A fact issue is created where the testimony of one witness is conflicting on a given point or where the testimony of different witnesses is in conflict. Ford v. Panhandle & Santa Fe Ry. Co., 151 Tex. 538, 252 S.W.2d 561 (1952), and Durham v. I. C. T. Insurance Co., 283 S.W.2d 413 (Dallas, Tex.Civ.App., 1955, writ dism.).

In our review of the record we must give credence to that part of the testimony in the record most favorable to the contestant (the non-moving party) on the issue in question and disregard all evidence to the contrary which appears in the record. Stowe v. City of Corpus Christi, 358 S.W.2d 409 (Eastland, Tex.Civ.App., 1962, writ ref., n. r. e.); Webster v. Webster, 293 S.W.2d 820 (Dallas, Tex.Civ.App., 1956, writ ref., n. r. e.); Powell v. Associates Investment Company, 380 S.W.2d 774 (Eastland, Tex.Civ.App., 1964, no writ hist.). The evidence tending to support the party opposing the motion is accepted as true. Parrott v. Garcia, 436 S.W.2d 897 (Tex.Sup., 1969) and Great American R. Ins. Co. v. San Antonio Pl. Sup. Co., 391 S.W.2d 41 (Tex.Sup., 1965).

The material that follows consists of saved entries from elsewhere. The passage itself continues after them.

lemma kron_sum_carrier:
  "A \<in> carrier_mat M M \<Longrightarrow> B \<in> carrier_mat m m \<Longrightarrow>
   kron_sum A B \<in> carrier_mat (m * M) (m * M)"
  by (auto simp: kron_sum_unfold)

lemma index_kron_sum:
  assumes A: "A \<in> carrier_mat M M" and B: "B \<in> carrier_mat m m"
    and i: "i < m * M" and j: "j < m * M"
  shows "kron_sum A B $$ (i, j) = (if i div M = j div M then A $$ (i mod M, j mod M) else 0)
     + B $$ (i div M, j div M) * (if i mod M = j mod M then 1 else 0)"
  using A B i j less_mult_imp_div_less[OF i] less_mult_imp_div_less[OF j]
    less_mult_imp_mod_less[OF i] less_mult_imp_mod_less[OF j]
  by (simp add: kron_sum_unfold index_kron[OF one_carrier_mat A]
      index_kron[OF B one_carrier_mat])

lemma kron_sum_mult_kron:
  fixes A :: "'a::comm_semiring_1 mat"
  assumes A: "A \<in> carrier_mat M M" and B: "B \<in> carrier_mat m m"
    and X: "X \<in> carrier_mat m a" and Y: "Y \<in> carrier_mat M b"
  shows "kron_sum A B * kron X Y = kron X (A * Y) + kron (B * X) Y"
proof -
  have "kron_sum A B * kron X Y = kron (1\<^sub>m m) A * kron X Y + kron B (1\<^sub>m M) * kron X Y"
    unfolding kron_sum_unfold[OF A B]
    by (rule add_mult_distrib_mat[OF kron_carrier kron_carrier kron_carrier]) (use A B X Y in auto)
  also have "\<dots> = kron X (A * Y) + kron (B * X) Y"
    using X Y by (simp add: kron_mult[OF one_carrier_mat A X Y] kron_mult[OF B one_carrier_mat X Y])
  finally show ?thesis .
qed

lemma kron_sum_conj:
  fixes A :: "'a::comm_semiring_1 mat"
  assumes A: "A \<in> carrier_mat M M" and P: "P \<in> carrier_mat M M" and Q: "Q \<in> carrier_mat M M"
    and B: "B \<in> carrier_mat m m" and u: "u \<in> carrier_mat m m" and v: "v \<in> carrier_mat m m"
    and QP: "Q * P = 1\<^sub>m M" and vu: "v * u = 1\<^sub>m m"
  shows "kron v Q * kron_sum A B * kron u P = kron_sum (Q * A * P) (v * B * u)"
proof -
  have "kron v Q * kron_sum A B * kron u P = kron v Q * (kron u (A * P) + kron (B * u) P)"
    using assoc_mult_mat[OF kron_carrier[OF v Q] kron_sum_carrier[OF A B] kron_carrier[OF u P]]
    by (simp add: kron_sum_mult_kron[OF A B u P])
  also have "\<dots> = kron v Q * kron u (A * P) + kron v Q * kron (B * u) P"
    by (rule mult_add_distrib_mat[OF kron_carrier kron_carrier kron_carrier]) (use A B P Q u v in auto)
  also have "\<dots> = kron (v * u) (Q * (A * P)) + kron (v * (B * u)) (Q * P)"
    using A B P Q u v by (simp add: kron_mult[of _ m m _ M M _ m _ M])
  also have "\<dots> = kron (1\<^sub>m m) (Q * A * P) + kron (v * B * u) (1\<^sub>m M)"
    using A B P Q u v
    by (simp add: QP vu assoc_mult_mat[of _ m m _ m _ m] assoc_mult_mat[of _ M M _ M _ M])
  also have "\<dots> = kron_sum (Q * A * P) (v * B * u)"
    by (rule kron_sum_unfold[symmetric]) (use A B P Q u v in auto)
  finally show ?thesis .
qed

lemma index_char_matrix:
  "A \<in> carrier_mat n n \<Longrightarrow> i < n \<Longrightarrow> j < n \<Longrightarrow>
   char_matrix A e $$ (i, j) = A $$ (i, j) - (if i = j then e else 0)"
  unfolding char_matrix_def by auto

lemma char_matrix_kron_sum:
  fixes A :: "'a::field mat"
  assumes A: "A \<in> carrier_mat M M" and B: "B \<in> carrier_mat m m"
  shows "char_matrix (kron_sum A B) (a + b) = kron_sum (char_matrix A a) (char_matrix B b)"
proof (rule eq_matI)
  fix i j assume "i < dim_row (kron_sum (char_matrix A a) (char_matrix B b))"
    "j < dim_col (kron_sum (char_matrix A a) (char_matrix B b))"
  then have i: "i < m * M" and j: "j < m * M"
    using A B by (simp_all add: char_matrix_def)
  show "char_matrix (kron_sum A B) (a + b) $$ (i, j)
    = kron_sum (char_matrix A a) (char_matrix B b) $$ (i, j)"
    unfolding index_char_matrix[OF kron_sum_carrier[OF A B] i j] index_kron_sum[OF A B i j]
      index_kron_sum[OF char_matrix_closed[OF A] char_matrix_closed[OF B] i j]
      index_char_matrix[OF A less_mult_imp_mod_less[OF i] less_mult_imp_mod_less[OF j]]
      index_char_matrix[OF B less_mult_imp_div_less[OF i] less_mult_imp_div_less[OF j]]
      nat_eq_iff_div_mod_eq[of i j M]
    by (cases "i div M = j div M"; cases "i mod M = j mod M") (simp_all add: algebra_simps)
qed (use A B in \<open>simp_all add: char_matrix_def\<close>)

lemma upper_triangular_kron_sum:
  assumes A: "A \<in> carrier_mat M M" and B: "B \<in> carrier_mat m m"
    and "upper_triangular A" "upper_triangular B"
  shows "upper_triangular (kron_sum A B)"
proof
  fix i j assume ji: "j < i" and "i < dim_row (kron_sum A B)"
  then have i: "i < m * M" and j: "j < m * M" using A B by simp_all
  have "j div M \<le> i div M" using ji by (simp add: div_le_mono)
  then consider (same_block) "i div M = j div M" | (lower_block) "j div M < i div M" by linarith
  then show "kron_sum A B $$ (i, j) = 0"
  proof cases
    case same_block
    then have "j = i div M * M + j mod M" using div_mult_mod_eq[of j M] by simp
    then have "j mod M < i mod M" using ji div_mult_mod_eq[of i M] by linarith
    then show ?thesis
      using same_block assms less_mult_imp_mod_less[OF i]
      by (auto simp: index_kron_sum[OF A B i j])
  next
    case lower_block
    then show ?thesis
      using assms less_mult_imp_div_less[OF i] by (auto simp: index_kron_sum[OF A B i j])
  qed
qed

lemma diagonal_kron_sum:
  assumes A: "A \<in> carrier_mat M M" and B: "B \<in> carrier_mat m m"
    and "diagonal_mat A" "diagonal_mat B"
  shows "diagonal_mat (kron_sum A B)"
  unfolding diagonal_mat_def
proof (intro allI impI)
  fix i j assume "i < dim_row (kron_sum A B)" "j < dim_col (kron_sum A B)" and ij: "i \<noteq> j"
  then have i: "i < m * M" and j: "j < m * M" using A B by simp_all
  show "kron_sum A B $$ (i, j) = 0"
    using assms ij nat_eq_iff_div_mod_eq[of i j M]
      less_mult_imp_div_less[OF i] less_mult_imp_mod_less[OF i]
      less_mult_imp_div_less[OF j] less_mult_imp_mod_less[OF j]
    by (auto simp: index_kron_sum[OF A B i j] diagonal_mat_def)
qed

section \<open>The entry pattern of Jordan matrices\<close>

definition jordan_pattern :: "'a::{zero,one} mat \<Rightarrow> bool" where
  "jordan_pattern J \<longleftrightarrow> (\<forall>i<dim_row J. \<forall>j<dim_row J. J $$ (i, j) \<noteq> 0 \<longrightarrow>
     j = i \<or> (j = Suc i \<and> J $$ (i, j) = 1 \<and> J $$ (i, i) = J $$ (j, j)))"

lemma jordan_patternD:
  "jordan_pattern J \<Longrightarrow> i < dim_row J \<Longrightarrow> j < dim_row J \<Longrightarrow> J $$ (i, j) \<noteq> 0 \<Longrightarrow>
   j = i \<or> (j = Suc i \<and> J $$ (i, j) = 1 \<and> J $$ (i, i) = J $$ (j, j))"
  unfolding jordan_pattern_def by blast

lemma jordan_pattern_upper_triangular:
  assumes "jordan_pattern J"
  shows "upper_triangular J"
proof (rule upper_triangularI)
  fix i j assume "j < i" "i < dim_row J"
  then show "J $$ (i, j) = 0" using jordan_patternD[OF assms, of i j] by auto
qed

lemma jordan_pattern_jordan_block: "jordan_pattern (jordan_block n a)"
  unfolding jordan_pattern_def by auto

In applying the rules above enunciated to the facts of this case we are convinced that the evidence before the trial court presented a fact issue on the question of revocation of the will sought to be probated. In 45 Tex.Jur.2d 636, it is stated that “. . . summary judgment proceedings are to be conducted with great caution, and such 'a judgment should be granted only where it appears with reasonable certainty that there is no genuine issue of fact in the case. Intendments and implications in aid of a showing on a summary judgment hearing should be cautiously indulged and, in case of doubt, resolved against granting the judgment.”

The judgment of the trial court is reversed and the cause is remanded for trial on the merits.